Public Accommodations:
An African American family secured accommodations at a hotel. Unplanned, the family decided to stay an additional night at the hotel. The father advised hotel management of this intent and also advised them that he would pay the additional night’s stay the following morning at check-out. The family’s entire stay was secured by cash, and on that basis, advance payment was required. However, this was not communicated to the father from the front desk, and later that day, the hotel management took steps to remove the family from the room and the premises. After the incident, the father filed a complaint of racial discrimination because the hotel’s abrupt and sudden handling of the case appeared to him to be racially motivated. Although it was determined that the hotel was following policy for cash payment and had done so consistently, the hotel settled with the complainant for $5,000.

Fair Housing:
A husband and wife sought an apartment to rent. The husband is of Hispanic descent. Although the landlord presented several reasons for denying the couple of the opportunity to rent the apartment, it was apparent from statements made (“those people” . . . are “from God knows where”) that the reason for denial was an unlawful act of national origin discrimination. A determination was made to that effect. However, the parties resolved the matter by the landlord’s paying $2,450 in damages to the couple.

Title VII:
Complainant, an African American female, who was employed by a school district as a sign language interpreter for deaf students, was demoted and received a commensurate cut in pay when the district determined that she did not pass a test for her job function. Respondent argued that complainant’s position was misclassified in error and that the reclassification to teacher’s assistant was more descriptive of her job. A determination was made that the complainant had performed her job as an interpreter as well as two of her White peers, and in fact the three of them often substituted or stood in for one another based on need or scheduling conflicts. The district could not produce evidence that the two White interpreters had undergone testing. The case went to conciliation, through which complainant was awarded back pay at the rate of an interpreter and also recovered the contributions to her life insurance and pension benefits that would have accrued to her if her pay had not been reduced.

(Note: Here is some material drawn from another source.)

(* There is an absolute constant $c>0$ such that the following holds for every graph $G$, label set $\chi$ with $d\ge2$, cost vector $C$ and $\epsilon>0$. Set $\eta=\frac{4(m+n)\log d}{\epsilon}$ and let $K\ge c\, m d^2(m+n)^4\|C\|_\infty^3\epsilon^{-3}\log d$. Let $\hat\lambda$ be the output of the randomized message passing procedure run for $K$ iterations with the EMP update and block distribution uniform over $\{(e,i):e\in E,i\in e\}$, and let $\hat\mu=\mathrm{Proj}(\mu^{\hat\lambda})$. Then $\hat\mu\in\mathbb{L}_2$ and $$\mathbb{E}\,\langle C,\hat\mu\rangle\le\min_{\mu\in\mathbb{L}_2}\langle C,\mu\rangle+\epsilon.$$ The same conclusion holds if instead the procedure uses the SMP update with vertex $i$ sampled with probability $p_i=|N_i|/\sum_{j\in V}|N_j|$.
   Context: Let $G=(V,E)$ be a finite undirected graph with $n=|V|$, $m=|E|$, every vertex incident to at least one edge; $N_i=\{e\in E:i\in e\}$. $\chi$ is a finite label set with $d=|\chi|\ge2$. Costs $C_i\in\mathbb{R}^\chi$, $C_e\in\mathbb{R}^{\chi^2}$; $\|C\|_\infty$ is the largest absolute entry; for $e=\{i,j\}$ (with a fixed orientation), $x_e=(x_i,x_j)$ and $(x_e)_i=x_i$. $\langle C,\mu\rangle=\sum_i\sum_xC_i(x)\mu_i(x)+\sum_e\sum_{x_e}C_e(x_e)\mu_e(x_e)$. $\mathbb{L}_2=\{\mu\ge0:\mu_i\in\Sigma^d\ \forall i,\ \sum_{x_e:(x_e)_i=x}\mu_e(x_e)=\mu_i(x)\ \forall e,\,i\in e,\,x\}$, with $\Sigma^d$ the probability simplex on $\chi$. Dual variables $\lambda\in\mathbb{R}^{2md}$ indexed by $(e,i,x)$, $e\in E$, $i\in e$, $x\in\chi$. $\mu^\lambda_i(x)\propto\exp(-\eta C_i(x)+\eta\sum_{e\in N_i}\lambda_{e,i}(x))$, $\mu^\lambda_e(x_e)\propto\exp(-\eta C_e(x_e)-\eta\sum_{i\in e}\lambda_{e,i}((x_e)_i))$, each normalized to sum to $1$; $S^\lambda_{e,i}(x)=\sum_{x_e:(x_e)_i=x}\mu^\lambda_e(x_e)$; slack $\nu^\lambda_{e,i}=S^\lambda_{e,i}-\mu^\lambda_i$. EMP update at block $(e,i)$: replace $\lambda_{e,i}(x)$ by $\lambda_{e,i}(x)+\frac{1}{2\eta}\log(S^\lambda_{e,i}(x)/\mu^\lambda_i(x))$. SMP update at vertex $i$: for each $e\in N_i$ replace $\lambda_{e,i}(x)$ by $\lambda_{e,i}(x)+\frac1\eta\log S^\lambda_{e,i}(x)-\frac{1}{\eta(|N_i|+1)}\log(\mu^\lambda_i(x)\prod_{e'\in N_i}S^\lambda_{e',i}(x))$. Randomized message passing procedure: $\lambda^{(0)}=0$; for $k=0,\dots,K-1$, sample a block $b_k$ independently from the given distribution and let $\lambda^{(k+1)}$ be $\lambda^{(k)}$ with block $b_k$ updated by the update rule evaluated at $\lambda^{(k)}$; output $\hat\lambda\in\arg\min_{\lambda\in\{\lambda^{(0)},\dots,\lambda^{(K)}\}}\sum_{e\in E,i\in e}\|\nu^\lambda_{e,i}\|_1^2$. Rounding map: for $F\in\mathbb{R}_{>0}^{\chi\times\chi}$ and $r,c\in\Sigma^d$, with $r(F),c(F)$ the row/column sums, let $F'=\mathrm{diag}(a)F$ with $a(x)=\min\{r(x)/r(F)(x),1\}$, $F''=F'\mathrm{diag}(b)$ with $b(x)=\min\{c(x)/c(F')(x),1\}$, $\mathrm{err}_r=r-r(F'')$, $\mathrm{err}_c=c-c(F'')$, and output $F''+\mathrm{err}_r\mathrm{err}_c^\top/\|\mathrm{err}_c\|_1$ (or $F''$ if $\mathrm{err}_c=0$). $\mathrm{Proj}(\mu^\lambda)$ is the vector $\hat\mu$ with $\hat\mu_i=\mu^\lambda_i$ for $i\in V$ and, for $e=\{i,j\}$, $\hat\mu_e$ the rounding of $\mu^\lambda_e$ (rows indexed by $x_i$, columns by $x_j$) with $r=\mu^\lambda_i$, $c=\mu^\lambda_j$. Expectation is over the random block choices. *)

theory Defs
  imports "HOL-Probability.Probability"
begin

94. South Carolina Project Notification Review System. Under federal executive orders, entities seeking federal assistance for projects and/or programs (construction and non-construction), submit proposals to the national contract office in Washington, D.C. Proposals are referred to the appropriate states for detailed review. SCHAC receives and reviews all proposals to ensure compliance with South Carolina guidelines.

Other Civil Rights Entities.

95. A non-profit organization, the South Carolina Indian Affairs Commission, exists in the state to provide leadership in helping to improve the lives of South Carolina’s Indian population. The organization’s goals include providing assistance, support, and resources to groups attempting to obtain state recognition; learning to use laws affecting illegal possession of American Indian artifacts, disturbances of cultural and burial sites and repatriation of American Indian human remains; and evaluating and publishing data from tribal needs assessment surveys.